The ‘Voltage Fail Shutdown’ message is reported into the system message file for the M320 routing platform if the indicated device in the syslog message has or is about to undergo a reset or is improperly grounded causing the FRU to go offline. This article documents an approach to troubleshoot this problem.
The Voltage Fail Shutdown event occurs when M320 equipment which is not properly grounded undergoes a surge in the grounding system, causing various FRUs to go offline. This can lead to transient failures.
FPC Resets with Voltage Fail Shutdown message
All reported cases of FPC reset produce a “Voltage Fail Shutdown” log message prior to the FPC resetting.
A message similar to the following is reported in the syslog output:
/kernel: CMB(RD): Voltage Fail Shutdown, device 0xf1, data 0x08
– Device 0xf$ denotes the FPC slot number (eg. 0xf1 means slot 1 FPC is affected).
– Data 0x0$ denotes the different power brick failures on the FPC.
Both CBs reset with Voltage Fail Shutdown message and consequently FPCs in the same power zone reset
CBs are susceptible to this issue just like FPCs and SIBs. When CBs reset, the FPCs in the same power zone, generally being slot 0 and slot 1, undergo a reset as well. The CBs log this message along with similar messages coming from the FPCs in the same power zone, after system reboot and card resets.
/kernel: %KERN-3: CMB(RD): Voltage Fail Shutdown, device 0xf0, data 0x02 /kernel: %KERN-3: CMB(WR): Voltage Fail Shutdown, device 0xe6, data 0x00 /kernel: %KERN-3: CMB(RD): Voltage Fail Shutdown, device 0xe7, data 0x00
– Device 0xf$ denotes the FPC slot number (eg. 0xf7 means slot 7 FPC is affected)
– Device 0xe$ denotes the CB slot number (eg. 0xe6 means CB0, 0xe7 means CB1 is affected)
The cause for such an alert is in fact a surge in the grounding system for equipment that is not grounded properly, causing various FRUs to go offline. It has been found that a surge through the chassis ground or the console port might cause the FRUs to go offline which is typically caused by poor grounding in the form of inductive grounds. Other reasons include the possibility of component failure around the power circuitry.
When a surge is applied to the chassis ground, the longer the power ground cable, the higher its impedance on the ground connection becomes, which is also a function of the surge characteristics. This will result in a potential voltage rise on the chassis and common mode voltage appearing on both the router logic circuitry as well as the power circuitry. The surge will then discharge through the available ground paths which if long tends to be higher impedance than desired.

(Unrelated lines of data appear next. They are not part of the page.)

(* Let $n<7$, $n\ge2$ be a fixed real number, let $m=(n+3)/2$, let $\nu_1,\nu_2\ge0$ and $T>0$. Let $u_1,\omega_1,\psi_1:[0,T)\times[0,\infty)\times\mathbb{R}\to\mathbb{R}$ be smooth functions which, for each $t$, are even in $r$ (extend to smooth functions on $\mathbb{R}^2$ even in $r$) and which, with all their derivatives, decay rapidly as $r^2+z^2\to\infty$, uniformly on compact time subintervals. Suppose that on $(0,T)\times(0,\infty)\times\mathbb{R}$ $$u_{1,t}+u^ru_{1,r}+u^zu_{1,z}=2u_1\psi_{1,z}+\nu_1\Delta_nu_1,$$ $$\omega_{1,t}+u^r\omega_{1,r}+u^z\omega_{1,z}=(u_1^2)_z+\nu_2\Delta_n\omega_1,$$ $$-\Delta_n\psi_1=\omega_1,$$ where $\Delta_n=\partial_r^2+\frac nr\partial_r+\partial_z^2$, $u^r=-r\psi_{1,z}$ and $u^z=(m-1)\psi_1+r\psi_{1,r}$. Then for all $t\in(0,T)$, $$\frac12\frac{d}{dt}\int_{\mathbb{R}}\int_0^\infty\Big(u_1^2+\frac{7-n}{4}\big(\psi_{1,r}^2+\psi_{1,z}^2\big)\Big)r^n\,dr\,dz=-\nu_1\int_{\mathbb{R}}\int_0^\infty\big(u_{1,r}^2+u_{1,z}^2\big)r^n\,dr\,dz-\nu_2\,\frac{7-n}{4}\int_{\mathbb{R}}\int_0^\infty(\Delta_n\psi_1)^2\,r^n\,dr\,dz .$$ In particular the (nonnegative) generalized energy $\int\!\!\int\big(u_1^2+\frac{7-n}{4}|\nabla\psi_1|^2\big)r^n\,dr\,dz$ is non-increasing in time, and conserved when $\nu_1=\nu_2=0$.
   Context: This is the "generalized axisymmetric Boussinesq system": the density $\Gamma=r^2u_1$ satisfies $\Gamma_t+u^r\Gamma_r+u^z\Gamma_z=\nu_1(\Gamma_{rr}+\frac{n-4}{r}\Gamma_r+\frac{6-2n}{r^2}\Gamma+\Gamma_{zz})$ (equivalent to the stated $u_1$ equation), the source term in the $\omega_1$ equation is $(\Gamma^2/r^4)_z=(u_1^2)_z$, and the term $-(n-3)\psi_{1,z}\omega_1$ of the generalized Navier--Stokes equations is removed. The velocity is $u^r=-(r^{m-1}\psi_1)_z/r^{m-2}$, $u^z=(r^{m-1}\psi_1)_r/r^{m-2}$ with $m=(n+3)/2$, which satisfies $(r^{m-2}u^r)_r+(r^{m-2}u^z)_z=0$. Here $\nabla=(\partial_r,\partial_z)$. *)

theory Defs
  imports "HOL-Analysis.Analysis"
begin

definition pd :: "'a::euclidean_space \<Rightarrow> ('a \<Rightarrow> real) \<Rightarrow> 'a \<Rightarrow> real" where
  "pd v g x = deriv (\<lambda>h. g (x + h *\<^sub>R v)) 0"

fun iter_pd :: "'a::euclidean_space list \<Rightarrow> ('a \<Rightarrow> real) \<Rightarrow> 'a \<Rightarrow> real" where
  "iter_pd [] f = f"
| "iter_pd (v # vs) f = pd v (iter_pd vs f)"

definition smooth_on :: "'a::euclidean_space set \<Rightarrow> ('a \<Rightarrow> real) \<Rightarrow> bool" where
  "smooth_on S f \<longleftrightarrow>
     (\<forall>vs. set vs \<subseteq> Basis \<longrightarrow>
        continuous_on S (iter_pd vs f) \<and>
        (\<forall>v\<in>Basis. \<forall>x\<in>S.
            ((\<lambda>h. iter_pd vs f (x + h *\<^sub>R v)) has_real_derivative iter_pd (v # vs) f x) (at 0)))"

definition rapid_decay :: "real \<Rightarrow> (real \<times> real \<times> real \<Rightarrow> real) \<Rightarrow> bool" where
  "rapid_decay T f \<longleftrightarrow>
     (\<forall>a b (vs :: (real \<times> real \<times> real) list) (k::nat).
        0 < a \<and> a \<le> b \<and> b < T \<and> set vs \<subseteq> Basis \<longrightarrow>
        (\<exists>C. \<forall>t\<in>{a..b}. \<forall>r z. (1 + r\<^sup>2 + z\<^sup>2) ^ k * \<bar>iter_pd vs f (t, r, z)\<bar> \<le> C))"

definition dt :: "(real \<Rightarrow> real \<Rightarrow> real \<Rightarrow> real) \<Rightarrow> real \<Rightarrow> real \<Rightarrow> real \<Rightarrow> real" where
  "dt f t r z = deriv (\<lambda>s. f s r z) t"
definition dr :: "(real \<Rightarrow> real \<Rightarrow> real \<Rightarrow> real) \<Rightarrow> real \<Rightarrow> real \<Rightarrow> real \<Rightarrow> real" where
  "dr f t r z = deriv (\<lambda>s. f t s z) r"
definition dz :: "(real \<Rightarrow> real \<Rightarrow> real \<Rightarrow> real) \<Rightarrow> real \<Rightarrow> real \<Rightarrow> real \<Rightarrow> real" where
  "dz f t r z = deriv (\<lambda>s. f t r s) z"

definition lap_n :: "real \<Rightarrow> (real \<Rightarrow> real \<Rightarrow> real \<Rightarrow> real) \<Rightarrow> real \<Rightarrow> real \<Rightarrow> real \<Rightarrow> real" where
  "lap_n n f t r z = dr (dr f) t r z + n / r * dr f t r z + dz (dz f) t r z"

definition gen_energy :: "real \<Rightarrow> (real \<Rightarrow> real \<Rightarrow> real \<Rightarrow> real) \<Rightarrow> (real \<Rightarrow> real \<Rightarrow> real \<Rightarrow> real) \<Rightarrow> real \<Rightarrow> real" where
  "gen_energy n u1 psi1 t =
     (LINT z|lborel. (LINT r:{0<..}|lborel.
        ((u1 t r z)\<^sup>2 + (7 - n) / 4 * ((dr psi1 t r z)\<^sup>2 + (dz psi1 t r z)\<^sup>2)) * r powr n))"

end

theory Submission
  imports Defs "HOL-Probability.Sinc_Integral"
begin

text \<open>Multiply the u_1-equation by u_1 r^n and the \<omega>_1-equation by \<psi>_1 r^n and integrate over the
  half-plane r > 0. Transport by the velocity u = (-r \<psi>_{1,z}, (m - 1) \<psi>_1 + r \<psi>_{1,r}) is
  antisymmetric up to its weighted divergence -(n + 1)/2 r^n \<psi>_{1,z}; on the u_1 side this leaves
  (n + 1)/4 \<integral>u_1^2 \<psi>_{1,z} r^n, which together with the stretching term 2 u_1 \<psi>_{1,z} gives
  (7 - n)/4 \<integral>u_1^2 \<psi>_{1,z} r^n. On the \<psi>_1 side, two integrations by parts turn \<integral>\<psi>_1 \<omega>_{1,t} r^n
  into \<integral>\<nabla>\<psi>_1 \<cdot> \<nabla>\<psi>_{1,t} r^n, the transport term vanishes because u \<cdot> \<nabla>\<psi>_1 = (m - 1) \<psi>_1 \<psi>_{1,z}, and
  the source (u_1^2)_z yields -\<integral>u_1^2 \<psi>_{1,z} r^n. With the weight (7 - n)/4 on the second identity
  the cubic terms cancel and only the viscous terms remain.

  All boundary terms vanish: at r = 0 because of the factor r^n with n \<ge> 1, at infinity by rapid
  decay. Every integrand is dominated by a multiple of (1 + r^2)^-1 (1 + z^2)^-1, which justifies
  Fubini and differentiation under the integral sign.\<close>

lemma integrable_inverse_1_plus_square_lborel:
  "integrable lborel (\<lambda>x::real. inverse (1 + x\<^sup>2))"
  using integrable_inverse_1_plus_square by (simp add: set_integrable_def)

lemma integral_Ioi_deriv_eq_0:
  fixes A A' :: "real \<Rightarrow> real"
  assumes "\<And>r. 0 < r \<Longrightarrow> (A has_real_derivative A' r) (at r)"
    and "\<And>r. 0 < r \<Longrightarrow> isCont A' r"
    and "set_integrable lborel {0<..} A'"
    and "(A \<longlongrightarrow> 0) (at_right 0)" and "(A \<longlongrightarrow> 0) at_top"
  shows "(LINT r:{0<..}|lborel. A' r) = 0"
proof -
  have "(LBINT x=ereal 0..\<infinity>. A' x) = 0 - 0"
  proof (rule interval_integral_FTC_integrable[where F=A])
    show "set_integrable lborel (einterval (ereal 0) \<infinity>) A'" using assms(3) by simp
    show "((A \<circ> real_of_ereal) \<longlongrightarrow> 0) (at_right (ereal 0))"
      using assms(4) by (simp add: ereal_tendsto_simps)
    show "((A \<circ> real_of_ereal) \<longlongrightarrow> 0) (at_left \<infinity>)"
      using assms(5) by (simp add: ereal_tendsto_simps)
  qed (use assms(1,2) in \<open>auto simp: has_real_derivative_iff_has_vector_derivative[symmetric]\<close>)
  then show ?thesis by (simp add: interval_lebesgue_integral_def)
qed

lemma integral_deriv_eq_0:
  fixes B B' :: "real \<Rightarrow> real"
  assumes "\<And>z. (B has_real_derivative B' z) (at z)"
    and "\<And>z. isCont B' z"
    and "integrable lborel B'"
    and "(B \<longlongrightarrow> 0) at_bot" and "(B \<longlongrightarrow> 0) at_top"
  shows "(LINT z|lborel. B' z) = 0"
proof -
  have "(LBINT x=-\<infinity>..\<infinity>. B' x) = 0 - 0"
  proof (rule interval_integral_FTC_integrable[where F=B])
    show "set_integrable lborel (einterval (-\<infinity>) \<infinity>) B'"
      using assms(3) by (simp add: set_integrable_def)
    show "((B \<circ> real_of_ereal) \<longlongrightarrow> 0) (at_right (-\<infinity>))"
      using assms(4) by (simp add: ereal_tendsto_simps)
    show "((B \<circ> real_of_ereal) \<longlongrightarrow> 0) (at_left \<infinity>)"
      using assms(5) by (simp add: ereal_tendsto_simps)
  qed (use assms(1,2) in \<open>auto simp: has_real_derivative_iff_has_vector_derivative[symmetric]\<close>)
  then show ?thesis by (simp add: interval_lebesgue_integral_def set_lebesgue_integral_def)
qed

lemma has_real_derivative_integral:
  fixes f f' :: "real \<Rightarrow> 'a \<Rightarrow> real" and h :: "'a \<Rightarrow> real"
  assumes t0: "a < t0" "t0 < b"
    and int: "\<And>\<tau>. a < \<tau> \<Longrightarrow> \<tau> < b \<Longrightarrow> integrable M (f \<tau>)"
    and der: "\<And>\<tau> x. a < \<tau> \<Longrightarrow> \<tau> < b \<Longrightarrow> x \<in> space M \<Longrightarrow>
                ((\<lambda>s. f s x) has_real_derivative f' \<tau> x) (at \<tau>)"
    and meas: "f' t0 \<in> borel_measurable M"
    and h: "integrable M h"
    and bound: "\<And>\<tau> x. a < \<tau> \<Longrightarrow> \<tau> < b \<Longrightarrow> x \<in> space M \<Longrightarrow> \<bar>f' \<tau> x\<bar> \<le> h x"
  shows "((\<lambda>\<tau>. integral\<^sup>L M (f \<tau>)) has_real_derivative integral\<^sup>L M (f' t0)) (at t0)"
  unfolding has_field_derivative_iff tendsto_at_iff_sequentially
proof (intro allI impI)
  fix X :: "nat \<Rightarrow> real"
  assume X: "\<forall>i. X i \<in> UNIV - {t0}" and lim: "X \<longlonglongrightarrow> t0"
  define q where "q i x = (if a < X i \<and> X i < b then (f (X i) x - f t0 x) / (X i - t0) else 0)" for i x
  have ev: "\<forall>\<^sub>F i in sequentially. a < X i \<and> X i < b"
    using topological_tendstoD[OF lim, of "{a<..<b}"] t0 by simp
  have q_eq: "q i = (\<lambda>x. (f (X i) x - f t0 x) / (X i - t0))" if "a < X i \<and> X i < b" for i
    using that by (simp add: q_def fun_eq_iff)
  have q_meas: "q i \<in> borel_measurable M" for i
  proof (cases "a < X i \<and> X i < b")
    case True
    then have "f (X i) \<in> borel_measurable M" "f t0 \<in> borel_measurable M"
      using int t0 by (auto intro: borel_measurable_integrable)
    then show ?thesis unfolding q_eq[OF True] by measurable
  next
    case False
    then show ?thesis unfolding q_def if_not_P[OF False] by simp
  qed
  \<comment> \<open>Mean value theorem: the difference quotients are dominated by h.\<close>
  have q_bound: "AE x in M. norm (q i x) \<le> h x" for i
  proof (intro AE_I2)
    fix x assume x: "x \<in> space M"
    have h0: "0 \<le> h x" using bound[OF t0 x] by (meson abs_ge_zero order_trans)
    show "norm (q i x) \<le> h x"
    proof (cases "a < X i \<and> X i < b")
      case True
      have "\<bar>f (X i) x - f t0 x\<bar> \<le> h x * \<bar>X i - t0\<bar>"
        using field_differentiable_bound[of "{a<..<b}" "\<lambda>s. f s x" "\<lambda>s. f' s x" "h x" "X i" t0]
        by (auto intro: has_field_derivative_at_within der x bound simp: True t0)
      then show ?thesis using True X by (simp add: q_def abs_divide pos_divide_le_eq)
    next
      case False
      show ?thesis unfolding q_def if_not_P[OF False] using h0 by simp
    qed
  qed
  have q_lim: "AE x in M. (\<lambda>i. q i x) \<longlonglongrightarrow> f' t0 x"
  proof (intro AE_I2)
    fix x assume x: "x \<in> space M"
    have "((\<lambda>y. (f y x - f t0 x) / (y - t0)) \<longlongrightarrow> f' t0 x) (at t0)"
      using der[OF t0 x] by (simp add: has_field_derivative_iff)
    then have "((\<lambda>y. (f y x - f t0 x) / (y - t0)) \<circ> X) \<longlonglongrightarrow> f' t0 x"
      using X lim unfolding tendsto_at_iff_sequentially by blast
    then show "(\<lambda>i. q i x) \<longlonglongrightarrow> f' t0 x"
      by (rule Lim_transform_eventually) (use ev in \<open>auto elim!: eventually_mono simp: q_def\<close>)
  qed
  have "(\<lambda>i. integral\<^sup>L M (q i)) \<longlonglongrightarrow> integral\<^sup>L M (f' t0)"
    by (rule integral_dominated_convergence[OF meas q_meas h q_lim q_bound])
  moreover have "\<forall>\<^sub>F i in sequentially.
      integral\<^sup>L M (q i) = ((\<lambda>y. (integral\<^sup>L M (f y) - integral\<^sup>L M (f t0)) / (y - t0)) \<circ> X) i"
    using ev by eventually_elim (use int t0 in \<open>simp add: q_eq\<close>)
  ultimately show "((\<lambda>y. (integral\<^sup>L M (f y) - integral\<^sup>L M (f t0)) / (y - t0)) \<circ> X)
      \<longlonglongrightarrow> integral\<^sup>L M (f' t0)"
    by (rule Lim_transform_eventually)
qed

Below are the recommended solutions or follow-up actions:
- Optimal grounding has to be enforced in order to accommodate a certain level of surge through power ground.
- Third Party power consultants or certified electricians may be engaged to ensure optimal system grounding at all sites, although it might be impractical to rectify the site-level grounding for every single site.
- Juniper Products adhere to all requirements and standards; however your technical support representative should be consulted so as to check the console port type and its associated cable, and also to check if there is any floating voltage between Chassis GND to RTN which may help indicate the actual surge level.